Это была идея Отто. Брат улыбнулся:
– Словно на пляже, под Ростоком. Не хватает соленого ветра… – он подмигнул Генриху, – но ты осенью его вдохнешь… – военнопленных ожидалось много. Гиммлер утвердил программу строительства новых лагерей, в генерал-губернаторстве. За обедом рейхсфюрер заметил:
– Места хватает, партайгеноссе фон Рабе. Пусть ваша группа займется выбором строек, могущих обеспечить труд пленных, на благо Германии… – о евреях пока ничего не говорилось.
– Но это пока, – пробормотал Генрих, подняв голову. Над садом, вдалеке, виднелся серый дым. Генрих подумал, что можно принять его за облака:
– Можно здесь всю жизнь провести… – Генрих взял саквояж, – не зная, что рядом лагерь… – после Пасхи Генрих поехал под Варшаву. Менее, чем в ста километрах на северо-восток от города, располагался карьер, где до войны добывали гравий. Тогдашний хозяин производства, польский промышленник, устроил отдельную железнодорожную ветку, от станции Треблинка, ведущую прямо на карьер. У Генриха, в кабинете, висела карта бывшей Польши, с отметками. На столе лежали аккуратные папки, с напечатанными на машинке названиями будущих лагерей. Он, каждый вечер, закрывал глаза:
– Может быть, все скоро закончится. Сведения уходят в Лондон…, – Генрих, аккуратно, два раза в неделю, писал семье. Отто был ему благодарен. У штурмбанфюрера фон Рабе, с его занятиями, в медицинском блоке, никогда не хватало на подобное времени.

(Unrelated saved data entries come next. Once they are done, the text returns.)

(* Let $N\ge2$, $T>0$, and consider the problem of minimizing $\mathbb V(T)=\frac1N\sum_{i=1}^N\xi_i(T)^2$ over $\alpha\in\mathcal U$, where $\dot\xi_i=-\xi_i+(1-\alpha_i)\bar\xi$, $\bar\xi=\frac1N\sum_j\xi_j$, with initial datum satisfying $\bar\xi(0)>0$ and $\xi_1(0)\ge\dots\ge\xi_N(0)$. Let $\bar\xi_{1,N-1}=\frac1{N-1}\sum_{i=1}^{N-1}\xi_i$ and $$t_N=\frac{N}{N-1}\ln\Big(\frac{(N-1)^2}{N}\,\frac{\bar\xi_{1,N-1}(0)-\xi_N(0)}{\bar\xi(0)}+1\Big).$$ If $T\ge t_N$, then every optimal control of this problem belongs to $\mathcal U_{FS}$, and its trajectory satisfies $\xi_i(T)=\bar\xi(T)$ for every $i\in\{1,\dots,N\}$.
   Context: $\mathcal U$ is the set of measurable $\alpha:[0,T]\to[0,1]^N$ with $\sum_i\alpha_i(t)\le1$ for all $t$; $\mathcal U_{FS}\subset\mathcal U$ is the subset with $\sum_i\alpha_i(t)=1$ for all $t$. *)

theory Defs
  imports "HOL-Analysis.Analysis"
begin

(* Indices of agents are 1..N. A state is x :: nat => real (only 1..N matter).
   A control is alpha :: real => nat => real (time, index);
   a trajectory is xi :: real => nat => real (time, index). *)

definition xbar :: "nat \<Rightarrow> (nat \<Rightarrow> real) \<Rightarrow> real" where
  "xbar N x = (\<Sum>j=1..N. x j) / real N"

definition admissible :: "nat \<Rightarrow> real \<Rightarrow> (real \<Rightarrow> nat \<Rightarrow> real) \<Rightarrow> bool" where
  "admissible N T \<alpha> \<longleftrightarrow>
     (\<forall>i\<in>{1..N}. (\<lambda>t. \<alpha> t i) \<in> borel_measurable (lebesgue_on {0..T})) \<and>
     (\<forall>t\<in>{0..T}. (\<forall>i\<in>{1..N}. 0 \<le> \<alpha> t i \<and> \<alpha> t i \<le> 1) \<and> (\<Sum>i=1..N. \<alpha> t i) \<le> 1)"

definition full_strength :: "nat \<Rightarrow> real \<Rightarrow> (real \<Rightarrow> nat \<Rightarrow> real) \<Rightarrow> bool" where
  "full_strength N T \<alpha> \<longleftrightarrow> admissible N T \<alpha> \<and> (\<forall>t\<in>{0..T}. (\<Sum>i=1..N. \<alpha> t i) = 1)"

(* xi is the (Caratheodory) trajectory on [0,T] of
   xi_i' = -xi_i + (1 - alpha_i) xbar(xi), xi(0) = x0, in integral form *)
definition is_traj :: "nat \<Rightarrow> real \<Rightarrow> (real \<Rightarrow> nat \<Rightarrow> real) \<Rightarrow> (nat \<Rightarrow> real)
                        \<Rightarrow> (real \<Rightarrow> nat \<Rightarrow> real) \<Rightarrow> bool" where
  "is_traj N T \<alpha> x0 \<xi> \<longleftrightarrow>
     (\<forall>i\<in>{1..N}. \<xi> 0 i = x0 i) \<and>
     (\<forall>i\<in>{1..N}. \<forall>t\<in>{0..T}.
        ((\<lambda>s. - \<xi> s i + (1 - \<alpha> s i) * xbar N (\<xi> s)) has_integral (\<xi> t i - \<xi> 0 i)) {0..t})"

definition cost :: "nat \<Rightarrow> real \<Rightarrow> (real \<Rightarrow> nat \<Rightarrow> real) \<Rightarrow> real" where
  "cost N T \<xi> = (\<Sum>i=1..N. (\<xi> T i)\<^sup>2) / real N"

definition optimal_control :: "nat \<Rightarrow> real \<Rightarrow> (nat \<Rightarrow> real) \<Rightarrow> (real \<Rightarrow> nat \<Rightarrow> real) \<Rightarrow> bool" where
  "optimal_control N T x0 \<alpha> \<longleftrightarrow> admissible N T \<alpha> \<and>
     (\<exists>\<xi>. is_traj N T \<alpha> x0 \<xi>) \<and>
     (\<forall>\<xi> \<beta> \<eta>. is_traj N T \<alpha> x0 \<xi> \<longrightarrow> admissible N T \<beta> \<longrightarrow> is_traj N T \<beta> x0 \<eta>
        \<longrightarrow> cost N T \<xi> \<le> cost N T \<eta>)"

end

theory Submission imports Defs begin

(* The mean m of the state obeys m' = -(S/N) m, where S = \<Sum>i \<alpha>i \<le> 1 is the total strength of
   the control. Hence m(T) \<ge> m(0) e^(-T/N), with equality only if S = 1 almost everywhere. The cost is
   m(T)^2 plus the variance of \<xi>(T), so no control costs less than (m(0) e^(-T/N))^2. This bound is
   attained by a constant full-strength control that brings all agents to the common value
   m(0) e^(-T/N) at time T; its weights are nonnegative precisely when T \<ge> t_N. An optimal control
   must therefore attain the bound, which forces S = 1 almost everywhere and zero variance at T. *)

lemma has_integral_increment:
  fixes f F :: "real \<Rightarrow> 'a::banach"
  assumes F: "\<And>t. t \<in> {a..b} \<Longrightarrow> (f has_integral (F t - F a)) {a..t}"
    and st: "a \<le> s" "s \<le> t" "t \<le> b"
  shows "(f has_integral (F t - F s)) {s..t}"
proof -
  have "f integrable_on {s..t}"
    by (rule integrable_subinterval_real[OF has_integral_integrable[OF F[of b]]]) (use st in auto)
  then obtain J where J: "(f has_integral J) {s..t}" by blast
  have "(f has_integral ((F s - F a) + J)) {a..t}"
    by (rule has_integral_combine[OF st(1,2) F J]) (use st in auto)
  moreover have "(f has_integral (F t - F a)) {a..t}" using F st by auto
  ultimately have "(F s - F a) + J = F t - F a" using has_integral_unique by blast
  then have "J = F t - F s" by (simp add: algebra_simps)
  with J show ?thesis by simp
qed

lemma continuous_on_if_has_integral_increments:
  fixes f F :: "real \<Rightarrow> 'a::banach"
  assumes F: "\<And>t. t \<in> {a..b} \<Longrightarrow> (f has_integral (F t - F a)) {a..t}"
  shows "continuous_on {a..b} F"
proof (cases "a \<le> b")
  case True
  have "continuous_on {a..b} (\<lambda>t. F a + integral {a..t} f)"
    by (intro continuous_intros indefinite_integral_continuous_1 has_integral_integrable[OF F])
       (use True in auto)
  moreover have "F a + integral {a..t} f = F t" if "t \<in> {a..b}" for t
    using F[OF that] by (simp add: integral_unique)
  ultimately show ?thesis using continuous_on_eq by blast
qed simp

В конвертах, уходивших в Берлин, Генрих сообщал, шифром, о планах по строительству лагерей, о движении войск, в направлении русской границы. Операция «Барбаросса» начиналась на рассвете, двадцать второго июня.
– Через три недели… – он смотрел на прибранную спальню, – но, может быть, русские ударят превентивно. Англичане им помогут. Безумец испугается, в стране начнется хаос, и его банда отправится под суд… – Генрих понимал, что хаоса от Германии ждать не стоит, но жить без надежды было тяжело.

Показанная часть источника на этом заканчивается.